Source data.

-*-

lemma trunc_prod_le:
  assumes "0 \<le> r"
  shows "trunc_prod r a b \<le> r * \<bar>a - b\<bar>"
proof (cases "\<bar>a\<bar> \<le> r \<and> \<bar>b\<bar> \<le> r")
  case True
  show ?thesis
  proof (cases "0 \<le> a * b")
    case True
    moreover have "0 \<le> r * \<bar>a - b\<bar>" using assms by simp
    ultimately show ?thesis
      using \<open>\<bar>a\<bar> \<le> r \<and> \<bar>b\<bar> \<le> r\<close> unfolding trunc_prod_def by simp
  next
    case False
    then have "0 < a \<and> b < 0 \<or> a < 0 \<and> 0 < b"
      by (simp add: not_le mult_less_0_iff)
    then have "\<bar>b\<bar> \<le> \<bar>a - b\<bar>" "- (a * b) = \<bar>a\<bar> * \<bar>b\<bar>"
      by (auto simp: abs_if)
    moreover have "\<bar>a\<bar> * \<bar>b\<bar> \<le> r * \<bar>b\<bar>"
      using True by (simp add: mult_right_mono)
    ultimately show ?thesis
      using True assms unfolding trunc_prod_def by (smt (verit) mult_left_mono)
  qed
qed (use assms in \<open>auto simp: trunc_prod_def\<close>)

lemma trunc_prod_diag_nonpos: "0 \<le> r \<Longrightarrow> trunc_prod r v v \<le> 0"
  unfolding trunc_prod_def by auto

lemma trunc_prod_diag: "\<bar>v\<bar> \<le> r \<Longrightarrow> trunc_prod r v v = - v\<^sup>2"
  unfolding trunc_prod_def by (simp add: power2_eq_square)

section \<open>Almost supporting slopes of semi-convex functions\<close>

lemma modulus_nonneg: "modulus \<omega> \<Longrightarrow> 0 \<le> t \<Longrightarrow> 0 \<le> \<omega> t"
  unfolding modulus_def by auto

lemma modulus_mono: "modulus \<omega> \<Longrightarrow> 0 \<le> s \<Longrightarrow> s \<le> t \<Longrightarrow> \<omega> s \<le> \<omega> t"
  unfolding modulus_def by (auto intro: mono_onD)
(* Fix $n\ge 1$, $\Gamma\ge 1$, a score function $\varphi:(0,1)\to[0,\infty)$, and any threshold function $f:(0,1)\to\mathbb{R}_{>0}$. Consider all joint distributions of the treatment assignments allowed by the sensitivity null hypothesis $H_0(\Gamma)$. Among these, the conditional rejection probability $$\mathbb{P}\big(\exists x\in(0,1): T_n(x)\ge f(x)\,\big|\,\mathcal{F}\big)$$ is maximized by the distribution under which the signs are conditionally independent across pairs and $\mathbb{P}(Y_i>0\mid\mathcal{F})=\Gamma/(1+\Gamma)$ for every $i\in\{1,\dots,n\}$.
   Context: Paired observational study: there are $n$ pairs; in pair $i$, units $j=1,2$ have control potential outcome $R_{Cij}$, treated potential outcome $R_{Tij}$ and treatment indicator $Z_{ij}\in\{0,1\}$. Throughout, everything is conditional on the event that exactly one unit per pair is treated ($Z_{i1}+Z_{i2}=1$ for all $i$). $\mathcal{F}$ is the $\sigma$-field generated by all potential outcomes. Observed outcomes are $R^{obs}_{ij}=Z_{ij}R_{Tij}+(1-Z_{ij})R_{Cij}$, and $Y_i=(Z_{i1}-Z_{i2})(R^{obs}_{i1}-R^{obs}_{i2})$ is the treated-minus-control difference. Standing assumption: $\mathbb{P}(Y_i=0)=0$ for all $i$. For $\Gamma\ge1$, the sensitivity null $H_0(\Gamma)$ asserts: $R_{Tij}=R_{Cij}$ for all $i,j$; and conditional on $\mathcal{F}$, assignments are independent across pairs and for every $i$, $$\frac1\Gamma\le \frac{\mathbb{P}(Z_{i1}=1\mid\mathcal{F})/\mathbb{P}(Z_{i1}=0\mid\mathcal{F})}{\mathbb{P}(Z_{i2}=1\mid\mathcal{F})/\mathbb{P}(Z_{i2}=0\mid\mathcal{F})}\le\Gamma .$$ (Under $H_0(\Gamma)$, $Y_i=\pm|R_{Ci1}-R_{Ci2}|$ and $1/(1+\Gamma)\le\mathbb{P}(Y_i>0\mid\mathcal{F})\le\Gamma/(1+\Gamma)$.) Let $Y_{(1)},\dots,Y_{(n)}$ be the $Y_i$ ordered so that $|Y_{(1)}|\le\dots\le|Y_{(n)}|$. Set $c_i=\varphi(i/(n+1))$. Define $T_n(x)=0$ for $x<1/(n+1)$ and, for $x\ge 1/(n+1)$, $T_n(x)=\sum_{i=\lceil (1-x)(n+1)\rceil}^{n} c_i\,\mathbf{1}\{Y_{(i)}>0\}$. *)

theory Defs
  imports "HOL-Probability.Probability"
begin

(* Pairs are indexed by i \<in> {1..n}; units within a pair by j \<in> {1,2}.
   RC i j is the control potential outcome R_{Cij}; under H_0(\<Gamma>), R_T = R_C.
   Z i = True means unit 1 of pair i is treated (Z_{i1}=1, Z_{i2}=0);
   Z i = False means unit 2 is treated (exactly one treated per pair). *)

definition Yobs :: "(nat \<Rightarrow> nat \<Rightarrow> real) \<Rightarrow> (nat \<Rightarrow> bool) \<Rightarrow> nat \<Rightarrow> real" where
  "Yobs RC Z i = (if Z i then RC i 1 - RC i 2 else RC i 2 - RC i 1)"

(* T_n(x); sigma gives the ordering: Y_(i) = Y (sigma i); c_i = phi(i/(n+1)) *)
definition Tstat :: "nat \<Rightarrow> (real \<Rightarrow> real) \<Rightarrow> (nat \<Rightarrow> nat) \<Rightarrow> (nat \<Rightarrow> real) \<Rightarrow> real \<Rightarrow> real" where
  "Tstat n \<phi> \<sigma> Y x =
     (if x < 1 / (real n + 1) then 0
      else (\<Sum>i\<in>{nat \<lceil>(1 - x) * (real n + 1)\<rceil>..n}.
              \<phi> (real i / (real n + 1)) * (if Y (\<sigma> i) > 0 then 1 else 0)))"

(* Conditional (on F) law of the assignment vector: independent across pairs,
   with P(Z_{i1} = 1 | F) = q i. *)
definition assign_dist :: "nat \<Rightarrow> (nat \<Rightarrow> real) \<Rightarrow> (nat \<Rightarrow> bool) pmf" where
  "assign_dist n q = Pi_pmf {1..n} False (\<lambda>i. bernoulli_pmf (q i))"

definition admissible :: "nat \<Rightarrow> real \<Rightarrow> (nat \<Rightarrow> nat \<Rightarrow> real) \<Rightarrow> (nat \<Rightarrow> real) \<Rightarrow> bool" where
  "admissible n \<Gamma> RC q \<longleftrightarrow>
     (\<forall>i\<in>{1..n}. 1 / (1 + \<Gamma>) \<le> measure_pmf.prob (assign_dist n q) {Z. Yobs RC Z i > 0}
              \<and> measure_pmf.prob (assign_dist n q) {Z. Yobs RC Z i > 0} \<le> \<Gamma> / (1 + \<Gamma>))"

definition reject_event :: "nat \<Rightarrow> (real \<Rightarrow> real) \<Rightarrow> (real \<Rightarrow> real) \<Rightarrow> (nat \<Rightarrow> nat) \<Rightarrow> (nat \<Rightarrow> nat \<Rightarrow> real) \<Rightarrow> (nat \<Rightarrow> bool) set" where
  "reject_event n \<phi> f \<sigma> RC = {Z. \<exists>x\<in>{0<..<1}. Tstat n \<phi> \<sigma> (Yobs RC Z) x \<ge> f x}"

end

theory Submission
  imports Defs
begin

text \<open>
  Couple the admissible assignment law with the extreme one pair by pair, so that whenever
  pair \<open>i\<close> has a positive difference under the first assignment it also has one under the
  second; this is possible because the extreme law gives every pair the largest admissible
  probability \<open>\<Gamma>/(1+\<Gamma>)\<close> of a positive difference. Since \<open>\<phi> \<ge> 0\<close>, each \<open>T\<^sub>n(x)\<close> can only
  grow when more differences become positive, so the rejection event is upward closed and
  its probability can only increase along the coupling.
\<close>

lemma rel_pmf_bernoulli_imp:
  assumes "0 \<le> a" "a \<le> b" "b \<le> 1"
  shows "rel_pmf (\<longrightarrow>) (bernoulli_pmf a) (bernoulli_pmf b)"
proof
  define C where "C = bind_pmf (bernoulli_pmf b)
    (\<lambda>y. if y then map_pmf (\<lambda>x. (x, True)) (bernoulli_pmf (a / b)) else return_pmf (False, False))"
  have ab: "0 \<le> a / b" "a / b \<le> 1"
    using assms by (auto simp: divide_le_eq)
  have "map_pmf fst C = bind_pmf (bernoulli_pmf b) (\<lambda>y. if y then bernoulli_pmf (a / b) else return_pmf False)"
    unfolding C_def map_bind_pmf by (intro bind_pmf_cong refl) (auto simp: pmf.map_comp o_def)
  also have "\<dots> = bernoulli_pmf a"
  proof (rule pmf_eqI)
    fix x :: bool
    show "pmf (bind_pmf (bernoulli_pmf b) (\<lambda>y. if y then bernoulli_pmf (a / b) else return_pmf False)) x
          = pmf (bernoulli_pmf a) x"
      using assms ab by (cases x; cases "b = 0") (auto simp: pmf_bind field_simps)
  qed
  finally show "map_pmf fst C = bernoulli_pmf a" .
  have "map_pmf snd C = bind_pmf (bernoulli_pmf b) return_pmf"
    unfolding C_def map_bind_pmf by (intro bind_pmf_cong refl) (auto simp: pmf.map_comp o_def)
  then show "map_pmf snd C = bernoulli_pmf b"
    by (simp add: bind_return_pmf')
  show "x \<longrightarrow> y" if "(x, y) \<in> set_pmf C" for x y
    using that unfolding C_def by (auto split: if_splits)
qed

lemma rel_pmf_bernoulli_preserve:
  assumes "0 \<le> a" "a \<le> 1" "0 \<le> b" "b \<le> 1"
    and "pmf (bernoulli_pmf a) s \<le> pmf (bernoulli_pmf b) s"
  shows "rel_pmf (\<lambda>x y. x = s \<longrightarrow> y = s) (bernoulli_pmf a) (bernoulli_pmf b)"
proof (cases s)
  case True
  then show ?thesis
    using assms rel_pmf_bernoulli_imp[of a b] by simp
next
  case False
  then have "rel_pmf (\<longrightarrow>) (bernoulli_pmf b) (bernoulli_pmf a)"
    using assms by (intro rel_pmf_bernoulli_imp) auto
  then show ?thesis
    using False by (subst pmf.rel_flip[symmetric]) (auto elim: pmf.rel_mono_strong)
qed

lemma rel_pmf_Pi_pmf:
  assumes "finite A" "\<And>x. x \<in> A \<Longrightarrow> rel_pmf (R x) (p x) (q x)"
  shows "rel_pmf (\<lambda>f g. \<forall>x\<in>A. R x (f x) (g x)) (Pi_pmf A dflt p) (Pi_pmf A dflt q)"
proof -
  obtain C where C: "\<And>x. x \<in> A \<Longrightarrow>
      (\<forall>uv\<in>set_pmf (C x). R x (fst uv) (snd uv)) \<and> map_pmf fst (C x) = p x \<and> map_pmf snd (C x) = q x"
    using assms(2) unfolding rel_pmf.simps by (metis prod.collapse)
  define J where "J = Pi_pmf A (dflt, dflt) C"
  have "map_pmf (\<lambda>h. fst \<circ> h) J = Pi_pmf A dflt p" "map_pmf (\<lambda>h. snd \<circ> h) J = Pi_pmf A dflt q"
    unfolding J_def using assms(1)
    by (auto simp: Pi_pmf_map[symmetric] C intro!: Pi_pmf_cong)
  moreover have "\<forall>x\<in>A. R x (fst (h x)) (snd (h x))" if "h \<in> set_pmf J" for h
    using that C assms(1) unfolding J_def by (auto simp: set_Pi_pmf PiE_dflt_def)
  ultimately show ?thesis
    by (intro rel_pmf.intros[where pq = "map_pmf (\<lambda>h. (fst \<circ> h, snd \<circ> h)) J"])
       (auto simp: pmf.map_comp o_def)
qed

lemma rel_pmf_prob_mono:
  assumes "rel_pmf R p q" "\<And>x y. R x y \<Longrightarrow> x \<in> E \<Longrightarrow> y \<in> E"
  shows "measure_pmf.prob p E \<le> measure_pmf.prob q E"
proof -
  have "measure_pmf.prob p E \<le> measure_pmf.prob q {y. \<exists>x\<in>E. R x y}"
    using assms(1) by (rule rel_pmf_measureD)
  also have "\<dots> \<le> measure_pmf.prob q E"
    using assms(2) by (intro measure_pmf.finite_measure_mono) auto
  finally show ?thesis .
qed

lemma Yobs_pos_iff:
  assumes "RC i 1 \<noteq> RC i 2"
  shows "Yobs RC Z i > 0 \<longleftrightarrow> Z i = (RC i 2 < RC i 1)"
  using assms by (auto simp: Yobs_def)

lemma prob_Yobs_pos:
  assumes "i \<in> {1..n}" "RC i 1 \<noteq> RC i 2"
  shows "measure_pmf.prob (assign_dist n q) {Z. Yobs RC Z i > 0}
         = pmf (bernoulli_pmf (q i)) (RC i 2 < RC i 1)"
proof -
  have "{Z. Yobs RC Z i > 0} = (\<lambda>Z. Z i) -` {RC i 2 < RC i 1}"
    using Yobs_pos_iff[of RC i, OF assms(2)] by auto
  moreover have "map_pmf (\<lambda>Z. Z i) (assign_dist n q) = bernoulli_pmf (q i)"
    unfolding assign_dist_def using assms(1) by (simp add: Pi_pmf_component)
  ultimately show ?thesis
    by (metis measure_map_pmf measure_pmf_single)
qed

lemma Tstat_mono:
  assumes "x < 1" "\<forall>t\<in>{0<..<1}. \<phi> t \<ge> 0" "\<sigma> ` {1..n} \<subseteq> {1..n}"
    and "\<forall>i\<in>{1..n}. Y i > 0 \<longrightarrow> Y' i > 0"
  shows "Tstat n \<phi> \<sigma> Y x \<le> Tstat n \<phi> \<sigma> Y' x"
proof (cases "x < 1 / (real n + 1)")
  case False
  have summand_mono: "\<phi> (real i / (real n + 1)) * (if Y (\<sigma> i) > 0 then 1 else 0)
        \<le> \<phi> (real i / (real n + 1)) * (if Y' (\<sigma> i) > 0 then 1 else 0)"
    if i: "i \<in> {nat \<lceil>(1 - x) * (real n + 1)\<rceil>..n}" for i
  proof -
    have "0 < \<lceil>(1 - x) * (real n + 1)\<rceil>"
      using assms(1) by simp
    then have "i \<in> {1..n}"
      using i by auto
    then have "\<phi> (real i / (real n + 1)) \<ge> 0" "\<sigma> i \<in> {1..n}"
      using assms(2,3) by (auto simp: field_simps image_subset_iff)
    then show ?thesis
      using assms(4) by auto
  qed
  show ?thesis
    unfolding Tstat_def if_not_P[OF False] by (rule sum_mono) (rule summand_mono)
qed (simp add: Tstat_def)

lemma reject_event_mono:
  assumes "Z \<in> reject_event n \<phi> f \<sigma> RC"
    and "\<forall>t\<in>{0<..<1}. \<phi> t \<ge> 0" "\<sigma> ` {1..n} \<subseteq> {1..n}"
    and "\<forall>i\<in>{1..n}. Yobs RC Z i > 0 \<longrightarrow> Yobs RC Z' i > 0"
  shows "Z' \<in> reject_event n \<phi> f \<sigma> RC"
proof -
  obtain x where "x \<in> {0<..<1}" "f x \<le> Tstat n \<phi> \<sigma> (Yobs RC Z) x"
    using assms(1) unfolding reject_event_def by auto
  moreover have "Tstat n \<phi> \<sigma> (Yobs RC Z) x \<le> Tstat n \<phi> \<sigma> (Yobs RC Z') x"
    using calculation(1) assms(2-4) by (intro Tstat_mono) auto
  ultimately show ?thesis
    unfolding reject_event_def by force
qed

theorem proposition1:
  fixes n :: nat and \<Gamma> :: real and \<phi> f :: "real \<Rightarrow> real"
    and RC :: "nat \<Rightarrow> nat \<Rightarrow> real" and \<sigma> :: "nat \<Rightarrow> nat"
    and q qstar :: "nat \<Rightarrow> real"
  assumes "n \<ge> 1" and "\<Gamma> \<ge> 1"
    and "\<forall>x\<in>{0<..<1}. \<phi> x \<ge> 0"
    and "\<forall>x\<in>{0<..<1}. f x > 0"
    and "\<forall>i\<in>{1..n}. RC i 1 \<noteq> RC i 2"
    and "bij_betw \<sigma> {1..n} {1..n}"
    and "\<forall>i\<in>{1..n}. \<forall>j\<in>{1..n}. i \<le> j \<longrightarrow>
           \<bar>RC (\<sigma> i) 1 - RC (\<sigma> i) 2\<bar> \<le> \<bar>RC (\<sigma> j) 1 - RC (\<sigma> j) 2\<bar>"
    and "\<forall>i\<in>{1..n}. 0 \<le> q i \<and> q i \<le> 1"
    and "admissible n \<Gamma> RC q"
    and "\<forall>i\<in>{1..n}. 0 \<le> qstar i \<and> qstar i \<le> 1"
    and "\<forall>i\<in>{1..n}. measure_pmf.prob (assign_dist n qstar) {Z. Yobs RC Z i > 0} = \<Gamma> / (1 + \<Gamma>)"
  shows "admissible n \<Gamma> RC qstar \<and>
         measure_pmf.prob (assign_dist n q) (reject_event n \<phi> f \<sigma> RC)
           \<le> measure_pmf.prob (assign_dist n qstar) (reject_event n \<phi> f \<sigma> RC)"
proof
  have "1 / (1 + \<Gamma>) \<le> \<Gamma> / (1 + \<Gamma>)"
    using assms(2) by (simp add: divide_right_mono)
  then show "admissible n \<Gamma> RC qstar"
    unfolding admissible_def using assms(11) by simp
next
  let ?s = "\<lambda>i. RC i 2 < RC i 1"
  have "rel_pmf (\<lambda>x y. x = ?s i \<longrightarrow> y = ?s i) (bernoulli_pmf (q i)) (bernoulli_pmf (qstar i))"
    if i: "i \<in> {1..n}" for i
  proof (intro rel_pmf_bernoulli_preserve)
    have "measure_pmf.prob (assign_dist n q) {Z. Yobs RC Z i > 0} \<le> \<Gamma> / (1 + \<Gamma>)"
      using assms(9) i unfolding admissible_def by blast
    then show "pmf (bernoulli_pmf (q i)) (?s i) \<le> pmf (bernoulli_pmf (qstar i)) (?s i)"
      using i assms(5,11) prob_Yobs_pos[OF i, of RC] by metis
  qed (use i assms(8,10) in auto)
  then have "rel_pmf (\<lambda>Z Z'. \<forall>i\<in>{1..n}. Z i = ?s i \<longrightarrow> Z' i = ?s i)
               (assign_dist n q) (assign_dist n qstar)"
    unfolding assign_dist_def by (intro rel_pmf_Pi_pmf) auto
  then show "measure_pmf.prob (assign_dist n q) (reject_event n \<phi> f \<sigma> RC)
             \<le> measure_pmf.prob (assign_dist n qstar) (reject_event n \<phi> f \<sigma> RC)"
  proof (rule rel_pmf_prob_mono)
    fix Z Z'
    assume signs: "\<forall>i\<in>{1..n}. Z i = ?s i \<longrightarrow> Z' i = ?s i"
      and rejected: "Z \<in> reject_event n \<phi> f \<sigma> RC"
    have "\<forall>i\<in>{1..n}. Yobs RC Z i > 0 \<longrightarrow> Yobs RC Z' i > 0"
      using signs assms(5) by (simp add: Yobs_pos_iff)
    then show "Z' \<in> reject_event n \<phi> f \<sigma> RC"
      using rejected assms(3,6) reject_event_mono[of Z] by (simp add: bij_betw_def)
  qed
qed

end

-*-

What you have to do. Please print exactly what appears from the first line of the data through the line with "qed (use assms", including both of those lines and nothing past them.

Exercise answer.
lemma trunc_prod_le:
  assumes "0 \<le> r"
  shows "trunc_prod r a b \<le> r * \<bar>a - b\<bar>"
proof (cases "\<bar>a\<bar> \<le> r \<and> \<bar>b\<bar> \<le> r")
  case True
  show ?thesis
  proof (cases "0 \<le> a * b")
    case True
    moreover have "0 \<le> r * \<bar>a - b\<bar>" using assms by simp
    ultimately show ?thesis
      using \<open>\<bar>a\<bar> \<le> r \<and> \<bar>b\<bar> \<le> r\<close> unfolding trunc_prod_def by simp
  next
    case False
    then have "0 < a \<and> b < 0 \<or> a < 0 \<and> 0 < b"
      by (simp add: not_le mult_less_0_iff)
    then have "\<bar>b\<bar> \<le> \<bar>a - b\<bar>" "- (a * b) = \<bar>a\<bar> * \<bar>b\<bar>"
      by (auto simp: abs_if)
    moreover have "\<bar>a\<bar> * \<bar>b\<bar> \<le> r * \<bar>b\<bar>"
      using True by (simp add: mult_right_mono)
    ultimately show ?thesis
      using True assms unfolding trunc_prod_def by (smt (verit) mult_left_mono)
  qed
qed (use assms in \<open>auto simp: trunc_prod_def\<close>)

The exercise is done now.